The specific processing procedure is as follows. First, the CPU 61 performs FFT (Fast Fourier Transform) processing on the impulse response data to be processed (impulse response data acquired in step S100) to obtain the amplitude characteristic F (ω). Next, the amplitude value P _n of each frequency component arranged in the order of frequency in the amplitude characteristic F (ω) (n = 1, 2,..., N: n is an index indicating the arrangement order counted from the low frequency side.) the squared energy _{E n (n = 1,2 ... n} ) of, while the energy _{E n} 1 sample shifting W1 min predetermined bandwidth (e.g., 50 samples) are substituted into the following equation by (1) The moving average energy E _n ′ (n = 1, 2,... N) is obtained. Then, the square root of the moving average energy E _n ′ (n = 1, 2,... N) is set as a moving average amplitude value P _n ′ (n = 1, 2,... N), and the moving average amplitude value P _n ′ is set on the low frequency side. Those that are arranged in order are defined as a moving average amplitude characteristic F ′ (ω).
E _n ′ = (E _n−25 + E _n−24 ... + E _n + E _{n + 1} ... + E _{n + 23} + E _{n + 2 4} ) / 50 (1)

  FIG. 5 is a diagram showing the amplitude characteristic F (ω) and the moving average amplitude characteristic F ′ (ω) in the impulse response data in the example of FIG. As shown in this example, when the impulse response data simulates the impulse response of the target acoustic space having a long reverberation time, the waveform of the amplitude characteristic F (ω) of the impulse response data has a fine peak. Become. On the other hand, the waveform of the moving average amplitude characteristic F ′ (ω) has an undulation like an envelope of the waveform of the amplitude characteristic F (ω).

Next, the CPU 61 adds an amplitude offset value (for example, 6 dB) to each of the moving average amplitude values P _n ′ (n = 1, 2,... N) in the moving average amplitude characteristics F ′ (ω) to obtain the offset value. Is an amplitude characteristic F ″ (ω) obtained by arranging the amplitude values P _n ″ (n = 1, 2,... N) in order from the low frequency side. After that, the CPU 61 performs the first to Nth amplitude values P _n ″ and the original amplitude characteristics F () in the amplitude values P _n ″ (n = 1, 2,... N) of the amplitude characteristics F ″ (ω). compared from the first in the amplitude value _P n of ω) (n = 1,2 ... n ) and n-th amplitude values _{P n} one set, the smaller of the amplitude value _{P n} and the amplitude value _{P n} " Is set to the target amplitude characteristic H (ω).

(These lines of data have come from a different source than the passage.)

lemma strictly_dom_by_pos_vars:
  assumes nr: "non_redundant k X"
    and wpos: "\<forall>i\<in>pos_vars (leaves X). 0 < w i"
    and vars: "pos_vars (leaves Y) \<subseteq> pos_vars (leaves X)"
    and len: "length (leaves X) \<le> length (leaves Y)"
    and strict: "pos_vars (leaves Y) \<noteq> pos_vars (leaves X) \<or> length (leaves X) < length (leaves Y)"
  shows "strictly_dom k w X Y"
proof -
  have fit_X: "fitness k w X = sum w (pos_vars (leaves X))"
    using nr by (simp add: fitness_def non_redundant_iff expressed_positive_distinct)
  have "fitness k w Y \<le> sum w (pos_vars (leaves Y))"
    unfolding fitness_def using vars wpos
    by (intro sum_mono2[OF finite_pos_vars expressed_subset_pos_vars]) force
  also have "\<dots> \<le> sum w (pos_vars (leaves X))"
    using vars wpos by (intro sum_mono2[OF finite_pos_vars]) auto
  finally have fit_le: "fitness k w Y \<le> fitness k w X" by (simp add: fit_X)
  have "fitness k w Y < fitness k w X" if missing: "pos_vars (leaves Y) \<noteq> pos_vars (leaves X)"
  proof -
    obtain i where "i \<in> pos_vars (leaves X) - pos_vars (leaves Y)" using missing vars by blast
    then have "sum w (pos_vars (leaves Y)) < sum w (pos_vars (leaves X))"
      using vars wpos by (intro sum_strict_mono2[OF finite_pos_vars]) auto
    then show ?thesis
      using \<open>fitness k w Y \<le> sum w (pos_vars (leaves Y))\<close> by (simp add: fit_X)
  qed
  moreover have "complexity X \<le> complexity Y" "length (leaves X) < length (leaves Y) \<Longrightarrow>
      complexity X < complexity Y"
    using len by (auto simp: complexity_leaves)
  ultimately show ?thesis
    using fit_le strict by (auto simp: strictly_dom_def weakly_dom_def)
qed

lemma mutation_over_T: "over_T n X \<Longrightarrow> Y \<in> mutations n X \<Longrightarrow> over_T n Y"
  by (erule mutation_leaves) (auto simp: over_T_def)

lemma mutation_non_redundant_or_dominated:
  assumes wpos: "\<forall>i. 1 \<le> i \<and> i \<le> n \<longrightarrow> w i > 0"
    and ov: "over_T n X" and nr: "non_redundant k X" and Y: "Y \<in> mutations n X"
  shows "non_redundant k Y \<or> strictly_dom k w X Y"
proof -
  have pd: "positive_distinct (leaves X)" using nr by (simp add: non_redundant_iff)
  have wX: "\<forall>i\<in>pos_vars (leaves X). 0 < w i" using pos_vars_over_T[OF ov] wpos by auto
  from Y show ?thesis
  proof (cases rule: mutation_leaves)
    case unchanged then show ?thesis using nr by simp
  next
    case (deletion xs a ys)
    then show ?thesis using pd positive_distinct_delete by (simp add: non_redundant_iff)
  next
    case (insertion xs ys u)
    show ?thesis
    proof (cases "positive_distinct (leaves Y)")
      case False
      then have "pos_vars (leaves Y) = pos_vars (leaves X)"
        using insertion pd redundant_edit_pos_vars by simp
      then show ?thesis
        using insertion by (intro disjI2) (rule strictly_dom_by_pos_vars[OF nr wX], simp_all)
    qed (simp add: non_redundant_iff)
  next
    case (substitution xs a ys u)
    show ?thesis
    proof (cases "positive_distinct (leaves Y)")
      case False
      have "positive_distinct (xs @ ys)" using pd substitution positive_distinct_delete by simp
      then have Y_vars: "pos_vars (leaves Y) = pos_vars (xs @ ys)"
        using False substitution redundant_edit_pos_vars by simp
      obtain i where a: "a = Pos i" using pd substitution by (auto simp: positive_distinct_def)
      with pd substitution have "Pos i \<notin> set (xs @ ys)" by (simp add: positive_distinct_def)
      then have "i \<in> pos_vars (leaves X) - pos_vars (leaves Y)"
        using substitution a Y_vars by (simp add: pos_vars_def)
      then have "pos_vars (leaves Y) \<noteq> pos_vars (leaves X)" by blast
      moreover have "pos_vars (leaves Y) \<subseteq> pos_vars (leaves X)"
        using substitution Y_vars by (auto simp: pos_vars_def)
      ultimately show ?thesis
        using substitution by (intro disjI2) (rule strictly_dom_by_pos_vars[OF nr wX], simp_all)
    qed (simp add: non_redundant_iff)
  qed
qed

definition consistent_population :: "fitness_kind \<Rightarrow> nat \<Rightarrow> syntree set \<Rightarrow> bool" where
  "consistent_population k n P \<longleftrightarrow>
     finite P \<and> (\<forall>X\<in>P. over_T n X \<and> non_redundant k X) \<and> inj_on complexity P"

  The CPU 61 sets the difference between the amplitude characteristic H (ω) and the amplitude characteristic F (ω) as the amplitude characteristic (H (ω) −F (ω)), and uses this amplitude characteristic (H (ω) −F (ω)). Convert to impulse response data. Here, the conversion from the amplitude characteristic (H (ω) −F (ω)) to the impulse response data is performed using the minimum phase obtained by performing the Hilbert transform on the amplitude characteristic ((H (ω) −F (ω)). More specifically, the CPU 61 performs an inverse FFT on the amplitude characteristic (H (ω) −F (ω)), and then t ≦ the time domain signal obtained by the inverse FFT. The signal value in the 0 region is set to 0, and the FFT is applied to the signal in which the signal value in the region of t ≦ 0 is set to 0. Of the frequency characteristics R (ω) + jX (ω) obtained as a result of the FFT processing, The imaginary part X (jω) is the minimum phase, and the CPU 61 synthesizes the frequency characteristic (complex number expression) using the original amplitude characteristic (H (ω) −F (ω)) and the minimum phase. The resultant frequency characteristic (complex number expression) is converted to a signal obtained by performing inverse FFT. The impulse response data is the result.

  The CPU 61 converts the impulse response data converted from the amplitude characteristic ((H (ω) −F (ω)) as described above into impulse response data (impulse response data having the amplitude characteristic F (ω)) in the RAM 62. The result of the convolution operation is supplied to the FIR filter 53-i (i = 1 to 4) as smoothed impulse response data which is the result of the amplitude characteristic smoothing process. This is obtained when the FFT is actually applied to the amplitude characteristic F ″ (ω) obtained in the amplitude characteristic smoothing process for the impulse response data and the smoothed impulse response data that is the result of the process. The amplitude characteristic K (ω) is obtained by removing fine peaks while leaving the outline of the amplitude characteristic F (ω) of the original impulse response data. When the smoothed impulse response data is supplied from the CPU 61, each FIR filter 53-i in the FIR filter 53-i (i = 1 to 4) uses the impulse response data to generate a subsequent sound signal Z. The above is the specific procedure of the amplitude characteristic smoothing process, and the contents of the amplitude characteristic smoothing process should be referred to Patent Document 2 together.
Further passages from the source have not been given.